The goal of the projects is to help the township comply with all aspects of the Clean Water Act as administered by the state Department of Environmental Protection.

"The regulations have not been changed, modified or gone away," said Benjamin Marchant, township manager. "We are under a requirement to do it."

The township has been developing the program for about three years, Marchant said.

Property owners would be charged $60 each year for every 3,000 square feet of impervious surfaces on their property, under the proposed fee structure. The revenue would fund improvement projects and ongoing maintenance to meet the water quality requirements.

Under the proposal, the first bills would be sent to property owners on May 1, 2020.

On Thursday, the township's board of supervisors voted 4-0 to approve a $1.9 million contract with AKRF Inc. for stream bank restoration and stabilization to reduce sediment deposits by 697,000 pounds, which is the benchmark required by the Chesapeake Bay Pollutant Reduction Program.

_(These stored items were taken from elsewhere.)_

lemma in_alg_mult:
  assumes "in_alg X \<alpha>" "in_alg X \<beta>"
  shows "in_alg X (sq_mult \<alpha> \<beta>)"
  unfolding in_alg_def
proof (intro allI impI)
  fix Y assume nonzero: "sq_mult \<alpha> \<beta> Y \<noteq> 0"
  show "Y \<subseteq> X"
  proof (rule ccontr)
    assume "\<not> Y \<subseteq> X"
    then have "sq_mult \<alpha> \<beta> Y = 0"
      using assms unfolding sq_mult_def in_alg_def by (intro sum.neutral) auto
    with nonzero show False ..
  qed
qed

lemma sq_eval_add: "sq_eval X (sq_add \<alpha> \<beta>) c = sq_eval X \<alpha> c + sq_eval X \<beta> c"
  unfolding sq_eval_def sq_add_def by (simp add: sum.distrib ring_distribs)

lemma sq_eval_diff: "sq_eval X (\<lambda>Y. \<alpha> Y - \<beta> Y) c = sq_eval X \<alpha> c - sq_eval X \<beta> c"
  unfolding sq_eval_def by (simp add: sum_subtractf left_diff_distrib)

lemma sq_eval_mult:
  assumes "finite X"
  shows "sq_eval X (sq_mult \<alpha> \<beta>) c = sq_eval X \<alpha> c * sq_eval X \<beta> c"
proof -
  define C where "C = {x\<in>X. c x}"
  have "finite C"
    using assms unfolding C_def by simp
  have fibre: "{p \<in> Pow C \<times> Pow C. fst p \<union> snd p = Y} = {(Y1, Y2). Y1 \<subseteq> Y \<and> Y2 \<subseteq> Y \<and> Y1 \<union> Y2 = Y}"
    if "Y \<in> Pow C" for Y
    using that by auto
  have "sq_eval X (sq_mult \<alpha> \<beta>) c
      = (\<Sum>Y\<in>Pow C. \<Sum>p\<in>{p \<in> Pow C \<times> Pow C. fst p \<union> snd p = Y}. \<alpha> (fst p) * \<beta> (snd p))"
    unfolding sq_eval_eq_sum[OF assms] C_def[symmetric] sq_mult_def
    by (intro sum.cong refl) (simp_all add: fibre case_prod_beta)
  also have "\<dots> = (\<Sum>p\<in>Pow C \<times> Pow C. \<alpha> (fst p) * \<beta> (snd p))"
    using \<open>finite C\<close> by (intro sum.group) auto
  also have "\<dots> = sq_eval X \<alpha> c * sq_eval X \<beta> c"
    unfolding sq_eval_eq_sum[OF assms] C_def[symmetric] sum_product sum.cartesian_product
    by (simp add: split_def)
  finally show ?thesis .
qed

lemma sq_eval_subset:
  assumes "in_alg X \<alpha>" "X \<subseteq> Y" "finite Y"
  shows "sq_eval X \<alpha> c = sq_eval Y \<alpha> c"
  unfolding sq_eval_eq_sum[OF assms(3)] sq_eval_eq_sum[OF finite_subset[OF assms(2,3)]]
  using assms by (intro sum.mono_neutral_left) (auto simp: in_alg_def)
lemma emeasure_mu_wxi:
  assumes "A \<in> sets \<mu>"
  shows "emeasure (mu_wxi \<mu> m w \<xi>) A
    = ennreal (1/2) * emeasure \<mu> A + (\<Sum>j<m. ennreal (w j / (2 * (\<Sum>i<m. w i))) * indicator A (\<xi> j))"
  unfolding mu_wxi_def using assms
  by (intro emeasure_measure_of_sigma sets.sigma_algebra_axioms countably_additive_emeasure_add_point_masses)
    (auto simp: positive_def)

lemma finite_measure_mu_wxi:
  assumes "finite_measure \<mu>"
  shows "finite_measure (mu_wxi \<mu> m w \<xi>)"
proof (rule finite_measureI)
  show "emeasure (mu_wxi \<mu> m w \<xi>) (space (mu_wxi \<mu> m w \<xi>)) \<noteq> \<infinity>"
    using finite_measure.emeasure_finite[OF assms]
    by (simp add: emeasure_mu_wxi ennreal_mult_eq_top_iff)
qed

lemma emeasure_le_mu_wxi:
  assumes "A \<in> sets \<mu>"
  shows "emeasure \<mu> A \<le> 2 * emeasure (mu_wxi \<mu> m w \<xi>) A"
proof -
  have "emeasure \<mu> A = 2 * (ennreal (1/2) * emeasure \<mu> A)"
    by (subst mult.assoc[symmetric], subst ennreal_numeral[symmetric], subst ennreal_mult[symmetric]) auto
  also have "\<dots> \<le> 2 * emeasure (mu_wxi \<mu> m w \<xi>) A"
    using assms by (intro mult_left_mono) (auto simp: emeasure_mu_wxi)
  finally show ?thesis .
qed

lemma emeasure_sample_measure_le_mu_wxi:
  assumes w: "\<forall>j<m. 0 \<le> w j" and \<xi>: "\<forall>j<m. \<xi> j \<in> space \<mu>" and A: "A \<in> sets \<mu>"
  shows "emeasure (sample_measure \<mu> m w \<xi>) A
    \<le> ennreal (2 * (\<Sum>j<m. w j)) * emeasure (mu_wxi \<mu> m w \<xi>) A"
proof -
  define W where "W = (\<Sum>j<m. w j)"
  \<comment> \<open>also for \<open>W = 0\<close>, where all weights vanish and \<open>w j / (2 * W) = 0\<close>\<close>
  have split: "ennreal (w j) = ennreal (2 * W) * ennreal (w j / (2 * W))" if "j < m" for j
  proof (cases "W = 0")
    case True
    then have "w j = 0" using sum_nonneg_eq_0_iff[of "{..<m}" w] w that by (auto simp: W_def)
    then show ?thesis by simp
  next
    case False
    moreover have "0 \<le> W" unfolding W_def using w by (intro sum_nonneg) auto
    ultimately have "0 < W" by simp
    then show ?thesis using w that by (subst ennreal_mult[symmetric]) auto
  qed
  have "emeasure (sample_measure \<mu> m w \<xi>) A = (\<Sum>j<m. ennreal (w j) * indicator A (\<xi> j))"
    by (rule emeasure_sample_measure[OF \<xi> A])
  also have "\<dots> = ennreal (2 * W) * (\<Sum>j<m. ennreal (w j / (2 * W)) * indicator A (\<xi> j))"
    unfolding sum_distrib_left by (intro sum.cong) (simp_all add: split mult.assoc)
  also have "\<dots> \<le> ennreal (2 * W) * emeasure (mu_wxi \<mu> m w \<xi>) A"
    using A by (intro mult_left_mono) (auto simp: emeasure_mu_wxi W_def)
  finally show ?thesis by (simp add: W_def)
qed

lemma Lp_norm_le_mu_wxi:
  assumes "0 < p" "g \<in> borel_measurable \<mu>" "integrable (mu_wxi \<mu> m w \<xi>) (\<lambda>x. \<bar>g x\<bar> powr p)"
  shows "Lp_norm \<mu> p g \<le> 2 powr (1 / p) * Lp_norm (mu_wxi \<mu> m w \<xi>) p g"
  using assms by (intro Lp_norm_mono_measure) (auto simp: emeasure_le_mu_wxi)

lemma disc_norm_le_mu_wxi:
  assumes "0 < p" "\<forall>j<m. 0 \<le> w j" "\<forall>j<m. \<xi> j \<in> space \<mu>" "g \<in> borel_measurable \<mu>"
    and "integrable (mu_wxi \<mu> m w \<xi>) (\<lambda>x. \<bar>g x\<bar> powr p)"
  shows "disc_norm p w \<xi> m g \<le> (2 * (\<Sum>j<m. w j)) powr (1 / p) * Lp_norm (mu_wxi \<mu> m w \<xi>) p g"
  unfolding disc_norm_eq_Lp_norm_sample_measure[OF assms(2-4)] using assms
  by (intro Lp_norm_mono_measure) (auto simp: emeasure_sample_measure_le_mu_wxi intro!: sum_nonneg)

lemma finite_dim_subspace_continuous_on:
  assumes "finite_dim_subspace \<Omega> N X" "v \<in> X"
  shows "continuous_on \<Omega> v"
  using assms unfolding finite_dim_subspace_def by (auto intro!: continuous_intros)

lemma finite_dim_subspace_diff:
  assumes "finite_dim_subspace \<Omega> N X" "v \<in> X" "v' \<in> X"
  shows "(\<lambda>x. v x - v' x) \<in> X"
proof -
  obtain b where X: "X = {(\<lambda>x. \<Sum>i<N. c i * b i x) | c. True}"
    using assms(1) unfolding finite_dim_subspace_def by blast
  then obtain c c' where "v = (\<lambda>x. \<Sum>i<N. c i * b i x)" "v' = (\<lambda>x. \<Sum>i<N. c' i * b i x)"
    using assms(2,3) by blast
  then have "(\<lambda>x. v x - v' x) = (\<lambda>x. \<Sum>i<N. (c i - c' i) * b i x)"
    by (simp add: sum_subtractf[symmetric] left_diff_distrib)
  then show ?thesis unfolding X by (intro CollectI exI[of _ "\<lambda>i. c i - c' i"]) simp
qed

lemma finite_dim_subspace_nonempty: "finite_dim_subspace \<Omega> N X \<Longrightarrow> X \<noteq> {}"
  unfolding finite_dim_subspace_def by blast

lemma borel_measurable_continuous_on_sets_eq:
  assumes "sets M = sets (restrict_space borel \<Omega>)" "continuous_on \<Omega> g"
  shows "g \<in> borel_measurable M"
  using borel_measurable_continuous_on_restrict[OF assms(2)] measurable_cong_sets[OF assms(1) refl] by blast

lemma integrable_abs_powr_continuous_on:
  fixes g :: "'a::topological_space \<Rightarrow> real"
  assumes "finite_measure M" "compact \<Omega>" "sets M = sets (restrict_space borel \<Omega>)"
    and "continuous_on \<Omega> g" "0 \<le> p"
  shows "integrable M (\<lambda>x. \<bar>g x\<bar> powr p)"
proof -
  obtain B where B: "\<forall>x\<in>\<Omega>. \<bar>g x\<bar> \<le> B"
    using compact_imp_bounded[OF compact_continuous_image[OF assms(4,2)]]
    unfolding bounded_iff by auto
  have "space M = \<Omega>"
    using sets_eq_imp_space_eq[OF assms(3)] by (simp add: space_restrict_space)
  then show ?thesis
    using B assms borel_measurable_continuous_on_sets_eq[OF assms(3,4)]
    by (intro finite_measure.integrable_const_bound[where B = "B powr p"]) (auto intro!: AE_I2 powr_mono2)
qed

lemma Lp_norm_lpw_error_le:
  fixes f u v :: "'a \<Rightarrow> real"
  assumes p: "1 \<le> p" and w: "\<forall>j<m. 0 \<le> w j" and C1: "0 < C1"
    and A1: "\<forall>v\<in>X. C1 * Lp_norm \<mu> p v \<le> disc_norm p w \<xi> m v"
    and X_diff: "\<And>v v'. v \<in> X \<Longrightarrow> v' \<in> X \<Longrightarrow> (\<lambda>x. v x - v' x) \<in> X"
    and lpw: "is_lpw p w \<xi> m X f u" and v: "v \<in> X"
    and int_fv: "integrable \<mu> (\<lambda>x. \<bar>f x - v x\<bar> powr p)"
    and int_vu: "integrable \<mu> (\<lambda>x. \<bar>v x - u x\<bar> powr p)"
    and int_fu: "integrable \<mu> (\<lambda>x. \<bar>f x - u x\<bar> powr p)"
  shows "Lp_norm \<mu> p (\<lambda>x. f x - u x)
    \<le> Lp_norm \<mu> p (\<lambda>x. f x - v x) + 2 / C1 * disc_norm p w \<xi> m (\<lambda>x. f x - v x)"
proof -
  have u: "u \<in> X" and best: "disc_norm p w \<xi> m (\<lambda>x. f x - u x) \<le> disc_norm p w \<xi> m (\<lambda>x. f x - v x)"
    using lpw v unfolding is_lpw_def by auto
  have triangle: "Lp_norm \<mu> p (\<lambda>x. f x - u x)
      \<le> Lp_norm \<mu> p (\<lambda>x. f x - v x) + Lp_norm \<mu> p (\<lambda>x. v x - u x)"
    using Lp_norm_triangle[OF p int_fv int_vu] int_fu by simp
  have "C1 * Lp_norm \<mu> p (\<lambda>x. v x - u x) \<le> disc_norm p w \<xi> m (\<lambda>x. v x - u x)"
    using A1 X_diff[OF v u] by blast
  moreover have "disc_norm p w \<xi> m (\<lambda>x. v x - u x)
      \<le> disc_norm p w \<xi> m (\<lambda>x. v x - f x) + disc_norm p w \<xi> m (\<lambda>x. f x - u x)"
    using disc_norm_triangle[OF p w, where F = "\<lambda>x. v x - f x" and G = "\<lambda>x. f x - u x"] by simp
  moreover have "disc_norm p w \<xi> m (\<lambda>x. v x - f x) = disc_norm p w \<xi> m (\<lambda>x. f x - v x)"
    by (simp add: disc_norm_def abs_minus_commute)
  ultimately have "C1 * Lp_norm \<mu> p (\<lambda>x. v x - u x) \<le> 2 * disc_norm p w \<xi> m (\<lambda>x. f x - v x)"
    using best by linarith
  then have "Lp_norm \<mu> p (\<lambda>x. v x - u x) \<le> 2 / C1 * disc_norm p w \<xi> m (\<lambda>x. f x - v x)"
    using C1 by (simp add: field_simps)
  with triangle show ?thesis by linarith
qed
lemma ldeg_one_singleton:
  assumes "ldeg F l = 1"
  obtains C0 where "{C \<in> F. l \<in> C} = {C0}"
  using assms unfolding ldeg_def by (rule card_1_singletonE)

lemma ldeg_DP_singular_le:
  assumes sat: "saturated F" and "var_lit l = v" and "ldeg F l = 1"
  shows "ldeg (DP v F) x \<le> ldeg F x"
proof -
  obtain C0 where C0: "{C \<in> F. l \<in> C} = {C0}"
    using \<open>ldeg F l = 1\<close> by (rule ldeg_one_singleton)
  have "finite F"
    using sat by (rule saturated_finite)
  define A where "A = {C \<in> F. v \<notin> vars_cl C \<and> x \<in> C}"
  define B where "B = {D \<in> F. comp l \<in> D \<and> x \<in> D}"
  have fin: "finite A" "finite B"
    using \<open>finite F\<close> unfolding A_def B_def by auto
  have "A \<inter> B = {}"
    using \<open>var_lit l = v\<close> unfolding A_def B_def vars_cl_def by (fastforce dest: imageI[of _ _ var_lit])
  have "{E \<in> DP v F. x \<in> E} \<subseteq> A \<union> (\<lambda>D. D - {comp l}) ` B"
    unfolding DP_singular[OF sat \<open>var_lit l = v\<close> C0] A_def B_def by auto
  then have "ldeg (DP v F) x \<le> card (A \<union> (\<lambda>D. D - {comp l}) ` B)"
    unfolding ldeg_def using fin by (intro card_mono) auto
  also have "\<dots> \<le> card A + card B"
    using card_Un_le card_image_le[OF fin(2)] by (meson add_left_mono order_trans)
  also have "\<dots> = card (A \<union> B)"
    using card_Un_disjoint[OF fin \<open>A \<inter> B = {}\<close>] by simp
  also have "\<dots> \<le> ldeg F x"
    unfolding ldeg_def A_def B_def using \<open>finite F\<close> by (intro card_mono) auto
  finally show ?thesis .
qed

lemma ldeg_DP_singular_pos:
  assumes sat: "saturated F" and "var_lit l = v" and "ldeg F l = 1" and "0 < ldeg F (comp l)"
    and "var_lit x \<noteq> v" and "0 < ldeg F x"
  shows "0 < ldeg (DP v F) x"
proof -
  obtain C0 where C0: "{C \<in> F. l \<in> C} = {C0}"
    using \<open>ldeg F l = 1\<close> by (rule ldeg_one_singleton)
  then have "C0 \<in> F" "l \<in> C0" and only_C0: "\<forall>E\<in>F. l \<in> E \<longrightarrow> E = C0"
    by auto
  have "finite F"
    using sat by (rule saturated_finite)
  note DP = DP_singular[OF sat \<open>var_lit l = v\<close> C0]
  have x_ne: "x \<noteq> l" "x \<noteq> comp l"
    using \<open>var_lit x \<noteq> v\<close> \<open>var_lit l = v\<close> by auto
  obtain C where "C \<in> F" "x \<in> C"
    using \<open>0 < ldeg F x\<close> ldeg_pos_iff[OF \<open>finite F\<close>] by blast
  obtain D0 where "D0 \<in> F" "comp l \<in> D0"
    using \<open>0 < ldeg F (comp l)\<close> ldeg_pos_iff[OF \<open>finite F\<close>] by blast
  have "\<exists>E\<in>DP v F. x \<in> E"
  proof (cases "v \<in> vars_cl C")
    case False
    with \<open>C \<in> F\<close> \<open>x \<in> C\<close> show ?thesis
      unfolding DP by blast
  next
    case True
    then consider "l \<in> C" | "comp l \<in> C"
      using \<open>var_lit l = v\<close> unfolding vars_cl_def by (auto simp: var_lit_eq_iff)
    then show ?thesis
    proof cases
      case 1
      with only_C0 \<open>C \<in> F\<close> have "C = C0"
        by blast
      with \<open>x \<in> C\<close> x_ne have "x \<in> C0 - {l}"
        by simp
      then have "x \<in> D0 - {comp l}"
        using saturated_singular_absorbs[OF sat only_C0 \<open>C0 \<in> F\<close> \<open>l \<in> C0\<close> \<open>D0 \<in> F\<close> \<open>comp l \<in> D0\<close>] x_ne
        by blast
      moreover have "D0 - {comp l} \<in> DP v F"
        unfolding DP using \<open>D0 \<in> F\<close> \<open>comp l \<in> D0\<close> by (intro UnI2 image_eqI[where x = D0]) simp_all
      ultimately show ?thesis
        by (rule bexI)
    next
      case 2
      with \<open>C \<in> F\<close> have "C - {comp l} \<in> DP v F"
        unfolding DP by (intro UnI2 image_eqI[where x = C]) simp_all
      moreover have "x \<in> C - {comp l}"
        using \<open>x \<in> C\<close> x_ne by simp
      ultimately show ?thesis
        by (rule bexI[rotated])
    qed
  qed
  with ldeg_pos_iff[OF finite_DP[OF \<open>finite F\<close>]] show ?thesis
    by blast
qed

theorem corollary26:
  fixes F :: "'v lit set set" and v :: 'v
  assumes "saturated F" and "singular F v"
  shows "(\<forall>x. ldeg (DP v F) x \<le> ldeg F x) \<and>
         (\<forall>w. w \<noteq> v \<and> singular F w \<longrightarrow> singular (DP v F) w)"
proof -
  obtain l where l: "var_lit l = v" "ldeg F l = 1" "0 < ldeg F (comp l)"
    using \<open>singular F v\<close> by (rule singularE)
  have le: "ldeg (DP v F) x \<le> ldeg F x" for x
    using ldeg_DP_singular_le[OF \<open>saturated F\<close> l(1,2)] .
  have "singular (DP v F) w" if "w \<noteq> v" "singular F w" for w
  proof -
    have "0 < ldeg F (Pos w)" "0 < ldeg F (Neg w)"
      using \<open>singular F w\<close> unfolding singular_def by linarith+
    then have "0 < ldeg (DP v F) (Pos w)" "0 < ldeg (DP v F) (Neg w)"
      using ldeg_DP_singular_pos[OF \<open>saturated F\<close> l] \<open>w \<noteq> v\<close> by simp_all
    with le[of "Pos w"] le[of "Neg w"] \<open>singular F w\<close> show ?thesis
      unfolding singular_def by linarith
  qed
  with le show ?thesis
    by blast
qed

Under the terms of the contract, AKRF will complete the stream bank work for about $586,000. The remaining contract costs will cover stream bank maintenance and adjustments for the first few years as the new vegetation takes hold.

The board also voted 4-0 to approve a $38,342 contract with Environmental Systems Research Institute Inc. to integrate the township's existing mapping software for more efficient calculation of fees based on each property's impervious surface area.

"I just want to reiterate that the opportunity now to deal with something that is being forced on us, at this price, I think is an opportunity that we cannot pass up," said Supervisor Charles Wurster. "The pricing is much lower than what we ever thought about, and that's the reason why I support this opportunity to get this going."

Supervisor Robert Cox was absent.

The York County Planning Commission proposed establishing a similar program in 2018 by creating a countywide stormwater authority, but there wasn't enough public support, so the York County Board of Commissioners never took it up for a vote.

Springettsbury's proposal is modeled after a similar program in Derry Township, Dauphin County, said Jessica Fieldhouse, director of community development in Spingettsbury Township.

The board discussed the contracts for nearly two hours before taking the vote.

At the next supervisors meeting on Oct. 24, the board will discuss and potentially adopt the water quality program budget. On Nov. 13, the board is expected to vote on the ordinance for the program.

Township residents who want to give public comment should attend one or both of the next two meetings, Marchant said.